App crashed, won't restart or deploy (production app)

Hi, I have an app down which won’t restart using flyctl restart. I’m watching the logs as I issue the restart command, but the logs don’t change. I can see the app is now “pending” in the app dashboard, but nothing is progressing.

I’ve tried deploying also, but I get a weird message from flyctl:

Waiting for remote builder fly-builder-long-bird-1694... connecting ⣟
Error error connecting to docker: error establishing wireguard connection for [~redacted~] organization: error fetching dialer: establish failed: err err handling establish: no such organization

Weirdly, the organisation says it has a credit value of $-0.03. I’m not sure whether this could be blocking the deploy?

Anyway, this is a production app, so I need to get it back up ASAP. Can someone from @fly.io help?

Hey, sorry for the trouble. Which region is this running in?

LHR, but it seems to have come back up now. Not sure if that was someone nudging it, or whether a “blockage” resolved itself, but either way we’re back up! Yay! :grin:

LHR is having some capacity problems today due to a flurry of deployments there. You probably got lucky when another customer migrated away from LHR just now, for the same reason. If you can, it might be smart to migrate to FRA which is less loaded up.

1 Like

Also, could you let me know if you have any volumes associated with your app? And if you have any backups regions set? This should not have happened if either of those were true.

The app that wouldn’t start doesn’t have any volumes or backup regions. I’ll add a backup region now.

I had the same. App in LHR. Was down at the same time a few hours ago.

I checked flyctl --app name status and the two instances are showing as created 3h44m ago. I haven’t touched the app today so those must have been re-deployed by fly as the prior ones were much older.

The status page shows no incidents reported today but perhaps you are still investigating or don’t want to publicise it yet.

I have two instances in the one region as per advice: Again issue Deploying to MAA Region - #10 by kurt Though that hasn’t helped here :slight_smile:

I thought I had backup regions set. And that seems to still be the case:

$ flyctl --app name regions list

Region Pool:
lhr

Backup Region:
cdg

The app has no volumes.

I guess that means the backup region did not kick in? Is there any way of seeing in the logs if it did (I’m assuming it did not based on the app being down)?
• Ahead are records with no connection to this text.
(* Let $H$ be a complex Hilbert space, $A\in B(H)$ a nonzero positive semidefinite operator with closed range, and $T\in B_{A^{1/2}}(H)$. Then every $\lambda\in\mathbb C$ with $|\lambda|>\|T\|_A$ belongs to $\rho_A(T)$.
   Context: $\|x\|_A=\langle Ax,x\rangle^{1/2}$. For $S\in B(H)$, $\|S\|_A=\sup\{\|Sx\|_A : x\in\overline{R(A)},\ \|x\|_A=1\}$. $B_{A^{1/2}}(H)=\{S\in B(H): R(S^*A^{1/2})\subset R(A^{1/2})\}$. $S\in B_{A^{1/2}}(H)$ is $A$-invertible in $B_{A^{1/2}}(H)$ if there is a nonzero $R\in B_{A^{1/2}}(H)$ with $ASR=ARS=A$; $\rho_A(S)=\{\lambda\in\mathbb C:\lambda I-S$ is $A$-invertible in $B_{A^{1/2}}(H)\}$. *)

theory Defs
  imports "HOL-Analysis.Analysis"
begin

class chilbert_space = real_normed_vector + complete_space +
  fixes scaleC :: "complex \<Rightarrow> 'a \<Rightarrow> 'a"
    and cinner :: "'a \<Rightarrow> 'a \<Rightarrow> complex"
  assumes scaleC_add_right: "scaleC a (x + y) = scaleC a x + scaleC a y"
    and scaleC_add_left: "scaleC (a + b) x = scaleC a x + scaleC b x"
    and scaleC_scaleC: "scaleC a (scaleC b x) = scaleC (a * b) x"
    and scaleC_one: "scaleC 1 x = x"
    and scaleC_of_real: "scaleC (complex_of_real r) x = scaleR r x"
    and cinner_commute: "cinner x y = cnj (cinner y x)"
    and cinner_add_left: "cinner (x + y) z = cinner x z + cinner y z"
    and cinner_scaleC_left: "cinner (scaleC a x) y = a * cinner x y"
    and cinner_self_real: "Im (cinner x x) = 0"
    and cinner_self_nonneg: "0 \<le> Re (cinner x x)"
    and cinner_self_eq_zero: "cinner x x = 0 \<longleftrightarrow> x = 0"
    and norm_eq_sqrt_cinner: "norm x = sqrt (Re (cinner x x))"

definition bounded_op :: "('a::chilbert_space \<Rightarrow> 'a) \<Rightarrow> bool" where
  "bounded_op S \<longleftrightarrow>
     (\<forall>x y. S (x + y) = S x + S y) \<and>
     (\<forall>c x. S (scaleC c x) = scaleC c (S x)) \<and>
     (\<exists>K. \<forall>x. norm (S x) \<le> norm x * K)"
lemma hinge_excess_eq_loss_integral:
  assumes [measurable]: "f \<in> borel_measurable SX" and f_range: "\<And>u. u \<in> space SX \<Longrightarrow> f u \<in> {-1..1}"
  shows "hinge_risk P f - hinge_opt P \<eta> = (\<integral>z. hinge_loss f z - hinge_loss (bayes \<eta>) z \<partial>P)"
proof -
  have "integrable P (hinge_loss (bayes \<eta>))"
    by (rule integrable_hinge_loss) (simp_all add: bayes_def)
  then show ?thesis
    using integrable_hinge_loss[OF assms]
    by (simp add: hinge_opt_def hinge_risk_eq_integral Bochner_Integration.integral_diff)
qed

lemma hinge_excess_eq_cond_prob_integral:
  assumes [measurable]: "f \<in> borel_measurable SX" and f_range: "\<And>u. u \<in> space SX \<Longrightarrow> f u \<in> {-1..1}"
  shows "hinge_risk P f - hinge_opt P \<eta> = (\<integral>u. (2 * \<eta> u - 1) * (bayes \<eta> u - f u) \<partial>marginal)"
proof -
  interpret X: prob_space marginal
    by (rule prob_space_marginal)
  define g where "g u = bayes \<eta> u - f u" for u
  have [measurable]: "g \<in> borel_measurable SX"
    unfolding g_def[abs_def] by measurable
  have g_bounded: "\<bar>g u\<bar> \<le> 2" if "u \<in> space SX" for u
    using f_range[OF that] bayes_in_interval[of \<eta> u] by (auto simp: g_def)
  have integrable_g_fst: "integrable P (\<lambda>z. g (fst z))" "integrable P (\<lambda>z. indicator label_one z * g (fst z))"
    by (auto intro!: integrable_const_bound[where B=2] AE_I2 simp: space_P indicator_def g_bounded)
  have "hinge_risk P f - hinge_opt P \<eta> = (\<integral>z. hinge_loss f z - hinge_loss (bayes \<eta>) z \<partial>P)"
    by (rule hinge_excess_eq_loss_integral) fact+
  also have "\<dots> = (\<integral>z. 2 * (indicator label_one z * g (fst z)) - g (fst z) \<partial>P)"
  proof (rule integral_cong_AE)
    show "AE z in P. hinge_loss f z - hinge_loss (bayes \<eta>) z = 2 * (indicator label_one z * g (fst z)) - g (fst z)"
      using AE_label_space
    proof eventually_elim
      case (elim z)
      then show ?case
        using f_range[of "fst z"] bayes_in_interval[of \<eta> "fst z"]
        by (auto simp: hinge_loss_eq_linear g_def indicator_def mem_Times_iff algebra_simps)
    qed
  qed simp_all
  also have "\<dots> = 2 * (\<integral>u. \<eta> u * g u \<partial>marginal) - (\<integral>u. g u \<partial>marginal)"
    using integrable_g_fst by (simp add: integral_label_one marginal_def integral_distr)
  also have "\<dots> = (\<integral>u. (2 * \<eta> u - 1) * g u \<partial>marginal)"
  proof -
    have integrable_g: "integrable marginal g"
      by (auto intro!: X.integrable_const_bound[where B=2] AE_I2 g_bounded)
    have "AE u in marginal. \<bar>\<eta> u * g u\<bar> \<le> 2"
      using cond_prob_in_unit_interval_AE AE_space[of marginal]
    proof eventually_elim
      case (elim u)
      then have "\<bar>\<eta> u\<bar> * \<bar>g u\<bar> \<le> 1 * 2"
        using g_bounded by (intro mult_mono) auto
      then show ?case
        by (simp add: abs_mult)
    qed
    then have "integrable marginal (\<lambda>u. \<eta> u * g u)"
      by (intro X.integrable_const_bound[where B=2]) auto
    with integrable_g show ?thesis
      by (simp add: left_diff_distrib mult.assoc)
  qed
  finally show ?thesis
    by (simp add: g_def)
qed
lemma prod_power_group:
  fixes x :: "'b \<Rightarrow> 'c::comm_monoid_mult"
  assumes "finite A" "finite B" "g ` A \<subseteq> B"
  shows "(\<Prod>h\<in>A. x (g h) ^ c h) = (\<Prod>v\<in>B. x v ^ (\<Sum>h\<in>{h\<in>A. g h = v}. c h))"
proof -
  have "(\<Prod>v\<in>B. x v ^ (\<Sum>h\<in>{h\<in>A. g h = v}. c h)) = (\<Prod>v\<in>B. \<Prod>h\<in>{h\<in>A. g h = v}. x (g h) ^ c h)"
    by (rule prod.cong) (auto simp: power_sum)
  also have "\<dots> = (\<Prod>h\<in>A. x (g h) ^ c h)"
    by (rule prod.group) (use assms in auto)
  finally show ?thesis
    by simp
qed

definition push_keys :: "('a \<Rightarrow> 'b) \<Rightarrow> ('a \<Rightarrow>\<^sub>0 'c::comm_monoid_add) \<Rightarrow> ('b \<Rightarrow>\<^sub>0 'c)" where
  "push_keys \<sigma> p = (\<Sum>a\<in>Poly_Mapping.keys p. Poly_Mapping.single (\<sigma> a) (Poly_Mapping.lookup p a))"

lemma push_keys_add: "push_keys \<sigma> (p + q) = push_keys \<sigma> p + push_keys \<sigma> q"
  unfolding push_keys_def by (rule setsum_keys_plus_distrib) (auto simp: single_add)

lemma push_keys_zero [simp]: "push_keys \<sigma> 0 = 0"
  by (simp add: push_keys_def)

lemma push_keys_single [simp]: "push_keys \<sigma> (Poly_Mapping.single a c) = Poly_Mapping.single (\<sigma> a) c"
  by (cases "c = 0") (auto simp: push_keys_def)

lemma push_keys_sum: "push_keys \<sigma> (sum f A) = (\<Sum>i\<in>A. push_keys \<sigma> (f i))"
  by (induction A rule: infinite_finite_induct) (auto simp: push_keys_add)

lemma push_keys_diff:
  "push_keys \<sigma> (p - q) = push_keys \<sigma> p - push_keys \<sigma> (q :: 'a \<Rightarrow>\<^sub>0 'c::ab_group_add)"
  using push_keys_add[of \<sigma> "p - q" q] by (simp add: eq_diff_eq)

lemma push_keys_one:
  "\<sigma> 0 = 0 \<Longrightarrow> push_keys \<sigma> (1 :: 'a::zero \<Rightarrow>\<^sub>0 'c::{comm_monoid_add,zero_neq_one}) = 1"
  by (simp add: push_keys_def)

lemma push_keys_mult:
  fixes \<sigma> :: "'a::comm_monoid_add \<Rightarrow> 'b::comm_monoid_add"
  assumes additive: "\<And>a b. \<sigma> (a + b) = \<sigma> a + \<sigma> b"
  shows "push_keys \<sigma> (p * q) = push_keys \<sigma> p * push_keys \<sigma> (q :: 'a \<Rightarrow>\<^sub>0 'c::comm_ring_1)"
proof -
  let ?P = "Poly_Mapping.keys p" and ?Q = "Poly_Mapping.keys q"
  have "p * q = (\<Sum>a\<in>?P. Poly_Mapping.single a (Poly_Mapping.lookup p a))
              * (\<Sum>b\<in>?Q. Poly_Mapping.single b (Poly_Mapping.lookup q b))"
    by (simp add: sum_single_lookup)
  also have "\<dots> = (\<Sum>a\<in>?P. \<Sum>b\<in>?Q.
      Poly_Mapping.single (a + b) (Poly_Mapping.lookup p a * Poly_Mapping.lookup q b))"
    by (simp add: sum_product mult_single)
  finally show ?thesis
    unfolding push_keys_def[of \<sigma> p] push_keys_def[of \<sigma> q]
    by (simp add: push_keys_sum additive sum_product mult_single)
qed
(* Let $w$ be analytic on the open unit disk $D=\{|z|<1\}$ and suppose $w$ has a soft singularity at a point $z_1$ with $|z_1|=1$. Then the angular primitive $w^{-1\cdot}(z)=-i\int_0^z\frac{w(z')-w(0)}{z'}\,dz'$ also has a soft singularity at $z_1$; in particular $w^{-1\cdot}(z_1)=-i\int_0^{z_1}\frac{w(z)-w(0)}{z}\,dz$, taken along a simple curve in $D$ ending at $z_1$, exists and is finite.
   Context: An inner analytic function is one analytic on the open unit disk centered at the origin. Its angular primitive is $w^{-1\cdot}(z)=-i\int_0^z\frac{w(z')-w(0)}{z'}dz'$ (integral along any curve in the disk, integrand extended at $0$ by $w'(0)$). A singular point of $w$ on the unit circle is a point where $w$ fails to be analytic; a singularity at $z_1$ on the unit circle is soft if $\lim_{z\to z_1}w(z)$ (from within the open disk) exists and is finite, and hard otherwise. *)

theory Defs
  imports "HOL-Complex_Analysis.Complex_Analysis"
begin

definition ang_integrand :: "(complex \<Rightarrow> complex) \<Rightarrow> complex \<Rightarrow> complex" where
  "ang_integrand w u = (if u = 0 then deriv w 0 else (w u - w 0) / u)"

text \<open>Angular primitive, integrating along the segment from 0 to z
  (path-independent in the unit disk).\<close>
definition angular_primitive :: "(complex \<Rightarrow> complex) \<Rightarrow> complex \<Rightarrow> complex" where
  "angular_primitive w z = - \<i> * contour_integral (linepath 0 z) (ang_integrand w)"
lemma card_of_under_ordLess:
  assumes t: "Cinfinite t" and i: "i \<in> Field t"
  shows "|under t i| <o t"
proof -
  have "under t i = underS t i \<union> {i}"
    using Refl_under_underS[OF _ i] card_order_on_well_order_on t
    unfolding well_order_on_def linear_order_on_def partial_order_on_def preorder_on_def
    by blast
  moreover have "|{i}| <o t"
    by (intro Cfinite_ordLess_Cinfinite[OF _ t]) (simp add: cfinite_def card_of_card_order_on Field_card_of)
  ultimately show ?thesis
    using Un_Cinfinite_bound_strict card_of_underS[OF _ i] t by metis
qed

lemma ideal_on_subset: "ideal_on r I \<Longrightarrow> A \<in> I \<Longrightarrow> B \<subseteq> A \<Longrightarrow> B \<in> I"
  unfolding ideal_on_def by blast

lemma ideal_on_Un: "ideal_on r I \<Longrightarrow> A \<in> I \<Longrightarrow> B \<in> I \<Longrightarrow> A \<union> B \<in> I"
  unfolding ideal_on_def by blast

lemma ideal_on_empty: "ideal_on r I \<Longrightarrow> {} \<in> I"
  unfolding ideal_on_def by blast

lemma maximal_disjoint_subfamily:
  obtains M where "M \<subseteq> S" "pairwise disjnt M"
    "\<And>D. D \<in> S \<Longrightarrow> \<forall>E\<in>M. disjnt D E \<Longrightarrow> D \<in> M"
proof -
  define F where "F = {M. M \<subseteq> S \<and> pairwise disjnt M}"
  have "\<forall>C\<in>chains F. \<Union>C \<in> F"
    unfolding F_def chains_def by (auto intro: pairwise_chain_Union)
  then obtain M where M: "M \<in> F" and max: "\<forall>M'\<in>F. M \<subseteq> M' \<longrightarrow> M' = M"
    using Zorn_Lemma by blast
  have "D \<in> M" if "D \<in> S" "\<forall>E\<in>M. disjnt D E" for D
  proof -
    have "insert D M \<in> F"
      using M that unfolding F_def by (auto simp: pairwise_insert disjnt_sym)
    then show ?thesis using max by blast
  qed
  then show ?thesis using M that unfolding F_def by blast
qed

lemma indecomposable_positive_chain_member:
  assumes t: "Card_order t" "regularCard t" and I: "ideal_on r I" "indecomposable r I t"
    and As: "\<forall>i\<in>Field t. As i \<subseteq> Field r"
      "\<forall>i\<in>Field t. \<forall>j\<in>Field t. (i, j) \<in> t \<longrightarrow> As i \<subseteq> As j"
    and pos: "(\<Union>i\<in>Field t. As i) \<notin> I"
  shows "\<exists>a\<in>Field t. As a \<notin> I"
proof -
  obtain w where w: "w \<subseteq> Field t" "|w| <o t" "(\<Union>i\<in>w. As i) \<notin> I"
    using I(2)[unfolded indecomposable_def, rule_format, of As] As(1) pos by blast
  obtain a where a: "a \<in> Field t" "\<forall>k\<in>w. (k, a) \<in> t"
    using regularCard_bounded[OF t w(1,2)] by blast
  have "(\<Union>i\<in>w. As i) \<subseteq> As a" using a w(1) As(2) by blast
  then show ?thesis using a(1) w(3) ideal_on_subset[OF I(1)] by blast
qed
I checked flyctl --app name releases and that only shows mine from a week ago. Likewise flyctl --app name history. Same. I don’t know if those would include deploys/releases to a backup region and so missing data there means it did not happen or would not be listed even if it did. But it certainly looks like not, especially since the regions of my two instances show as lhr now, and I would assume they would be cdg. Which is disappointing.

I’d assumed that Fly would not let new apps deploy to a region if capacity was low. Or at least somewhere within a critical threshold. So that there was sufficient capacity for existing apps in the region to stay up.

Any way to avoid this on the user side going forward?

When we reach capacity in different regions, we evict shared-cpu-1x VMs to make room for larger ones. This makes sense when you have backup regions specified, but is bad when your app is single region. We’re adjusting that logic to keep shared-cpu-1x VMs that don’t have backup regions set around longer.

This is only the second time our system has ever had to evict VMs in a given region so hopefully you never experience it again. :slight_smile:

Thanks @kurt

I wasn’t aware of that condition of shared CPU VMs being booted. Is that documented? I don’t see that on the pricing page. I get that you are paying for a slice of a CPU, but figured that slice would be all the time. Not a slice of a CPU only if one is available.

Thinking about it, that would also impact auto-scaling since there would be no capacity to auto-scale into. So even if more instances were needed, they wouldn’t be created. And requests would fail. Hmm.

It’s good they are going to be kept longer but it’s a concern if you have to hope another client gives in first and deletes/moving their app in order to free up capacity (as it sounds like happened here by a customer migrating away). Whether it will happen for a third time … I guess that is the question. It’s a nice problem for you to have. You must be growing faster than you can buy more servers :slight_smile:

Regarding backup regions … I was going to remove that cdg as per your recommendation App starting in backup region - #2 by kurt but forgot and left it. Though it appears not to have helped in this case (which seems the perfect case for a backup region) would your advice now be to have backup regions … or not?

Thanks.

It’s more accurate to say they get rescheduled in regions where there is capacity. This doesn’t work for apps that are pinned to a single region. They don’t get turned off and left that way, though.

We just pushed a change that will prevent single region VMs from being evicted, since they can’t be rescheduled. I don’t think you need to worry about it now.

Ah, nice.

So is it safer to remove all backup regions now? To make apps single-region?

The issue of auto-scaling would still remain though. Since even if the current instance(s) kept existing capacity and not booted, if the region is full, it would not let an app scale. Is there any way to know capacity? I get you can’t give absolute instance/server numbers but are any regions, er, bigger than others in terms of “likely have capacity here”? Or does it change so often you can’t really use that as a factor?

Will they eventually be rescheduled back to their primary region?

My app is targeted to LHR because it serves the UK only. It’s fine to be rescheduled nearby in Europe if there’s an issue, but I would prefer it to generally be hosted in it’s primary location, the UK.

Yes they’ll migrate back over time!